I first started reading Marion Zimmer Bradley (MZB) probably in high school or even earlier: she was one of a generation of science fiction and fantasy writers who published during my early years, and whom I loved. They helped me to form my understandings of right and wrong, honour and faith, that have continued to be shifted… though never destroyed… through all the adventures of my lifetime. My last two decades have been marked by a profound shift in this regard: the loss of Ms. Zimmer Bradley, Madeleine, L’Engle and Anne McCaffrey have affected me deeply. They were three whose books I followed quite closely, but who are no more. And I have to admit I’ve not really found replacements. I don’t know if it was because of the time of my life during which I discovered these authors, or whether the quality of writing has truly declined: but I have not found books that move me as these did when I first found them. During the time since their deaths most of my reading has shifted from science-fiction and fantasy to more work-related, religious, environmental or otherwise non-fiction. The creative side of my life, without me really realizing, has been quietly closed off in sadness and gathering dust.

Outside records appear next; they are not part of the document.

lemma Inf_eq_if_dense_above:
  fixes S T :: "real set"
  assumes "T \<subseteq> S" "bdd_below S" "\<And>a b. a \<in> S \<Longrightarrow> a < b \<Longrightarrow> b \<in> T"
  shows "Inf T = Inf S"
proof (cases "S = {}")
  case True
  then show ?thesis using assms(1) by simp
next
  case False
  then obtain a where "a \<in> S" by blast
  then have "T \<noteq> {}" using assms(3)[of a "a + 1"] by auto
  then have "Inf S \<le> Inf T"
    using assms(2,1) by (rule cInf_superset_mono)
  moreover have "Inf T \<le> Inf S"
  proof (rule cInf_greatest[OF False], rule field_le_epsilon)
    fix a e :: real assume "a \<in> S" "0 < e"
    then show "Inf T \<le> a + e"
      using assms bdd_below_mono by (intro cInf_lower) auto
  qed
  ultimately show ?thesis by simp
qed

locale midpoint_family =
  fixes Phi :: "real set set" and C :: real
  assumes intervals: "Phi \<subseteq> open_intervals"
    and C_pos: "0 < C"
    and midpoint_subinterval: "\<forall>a b. 0 \<le> a \<and> a < b \<and> b \<le> 1 \<longrightarrow>
           (\<exists>D\<in>Phi. (a + b) / 2 \<in> D \<and> D \<subseteq> {a<..<b} \<and> (b - a) / diameter D \<le> C)"
begin

lemma interval_around:
  assumes "0 < L" "L/2 \<le> x" "x \<le> 1 - L/2"
  obtains D where "D \<in> Phi" "x \<in> D" "D \<subseteq> {x - L/2<..<x + L/2}" "L/C \<le> diameter D" "diameter D \<le> L"
proof -
  obtain D where D: "D \<in> Phi" "x \<in> D" "D \<subseteq> {x - L/2<..<x + L/2}" "L / diameter D \<le> C"
    using midpoint_subinterval[rule_format, of "x - L/2" "x + L/2"] assms by auto
  obtain a b where "D = {a<..<b}" "a < b"
    using D(1) intervals unfolding open_intervals_def by blast
  then have "0 < diameter D" by simp
  then have "L/C \<le> diameter D"
    using D(4) C_pos by (simp add: divide_le_eq mult.commute)
  moreover have "diameter D \<le> L"
    using diameter_subset[OF D(3)] assms(1) by simp
  ultimately show thesis using that D by blast
qed

lemma card_mult_le_P_eps:
  assumes "0 \<le> \<alpha>" "0 < L" "finite Y" "separated_by L x Y"
    and "\<And>i. i \<in> Y \<Longrightarrow> x i \<in> A \<and> L/2 \<le> x i \<and> x i \<le> 1 - L/2"
  shows "ennreal (card Y * (L/C) powr \<alpha>) \<le> P_eps Phi \<alpha> L A"
proof -
  have "\<exists>D. D \<in> Phi \<and> x i \<in> D \<and> D \<subseteq> {x i - L/2<..<x i + L/2} \<and> L/C \<le> diameter D \<and> diameter D \<le> L"
    if "i \<in> Y" for i
    using interval_around[OF assms(2)] assms(5)[OF that] by metis
  then obtain D where D: "\<And>i. i \<in> Y \<Longrightarrow> D i \<in> Phi \<and> x i \<in> D i \<and> D i \<subseteq> {x i - L/2<..<x i + L/2}
      \<and> L/C \<le> diameter (D i) \<and> diameter (D i) \<le> L"
    by metis
  have disj: "D i \<inter> D j = {}" if "i \<in> Y" "j \<in> Y" "i \<noteq> j" for i j
  proof -
    have "L \<le> \<bar>x i - x j\<bar>" using assms(4) that unfolding separated_by_def by blast
    then have "{x i - L/2<..<x i + L/2} \<inter> {x j - L/2<..<x j + L/2} = {}" by auto
    then show ?thesis using D that by blast
  qed
  then have inj: "inj_on D Y"
    using D by (fastforce simp: inj_on_def)
  have "is_packing Phi L A (D ` Y)"
    unfolding is_packing_def disjoint_def using assms(3,5) D disj intervals
    by (fastforce simp: countable_finite)
  then have "ennreal (\<Sum>I\<in>D ` Y. diameter I powr \<alpha>) \<le> P_eps Phi \<alpha> L A"
    using assms(3) by (intro sum_le_P_eps) auto
  moreover have "card Y * (L/C) powr \<alpha> \<le> (\<Sum>I\<in>D ` Y. diameter I powr \<alpha>)"
  proof -
    have "card Y * (L/C) powr \<alpha> \<le> (\<Sum>i\<in>Y. diameter (D i) powr \<alpha>)"
      using sum_mono[of Y "\<lambda>_. (L/C) powr \<alpha>"] D assms(1,2) C_pos by (simp add: powr_mono2)
    then show ?thesis by (simp add: sum.reindex[OF inj])
  qed
  ultimately show ?thesis by (meson ennreal_leI order_trans)
qed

One of my resolutions this year was to open that door again and to coax out those elements of fantasy and fiction that had once been my staple. This was the first instalment:I believe it was originally published in 1996 (before MZB’s death) and then republished in 2010 with alterations. I have to admit I was a bit wary at first; I was unsure of how the world of the bloody sun would be depicted with the help of another author. But I was pleasantly surprised. Not only was the book well written (since I don’t know how much was MZB and how much was changed) but the new storyline was engaging. I found my emotions wrapped around the adventures of the main characters, surprised and angry and relieved as they were. And, most particularly for this time in my life and our world, this is the first fantasy novel I’ve read in which the main was gay. Or at least… bisexual. I don’t remember the Darkovan term, but Regis had multiple long-term relationships (polyamory), and one of the most significant was with another man. It was an interesting and colourful exploration, and it has inspired me to become more familiar with the Darkovan books that spanned so many decades: and which continue to appear.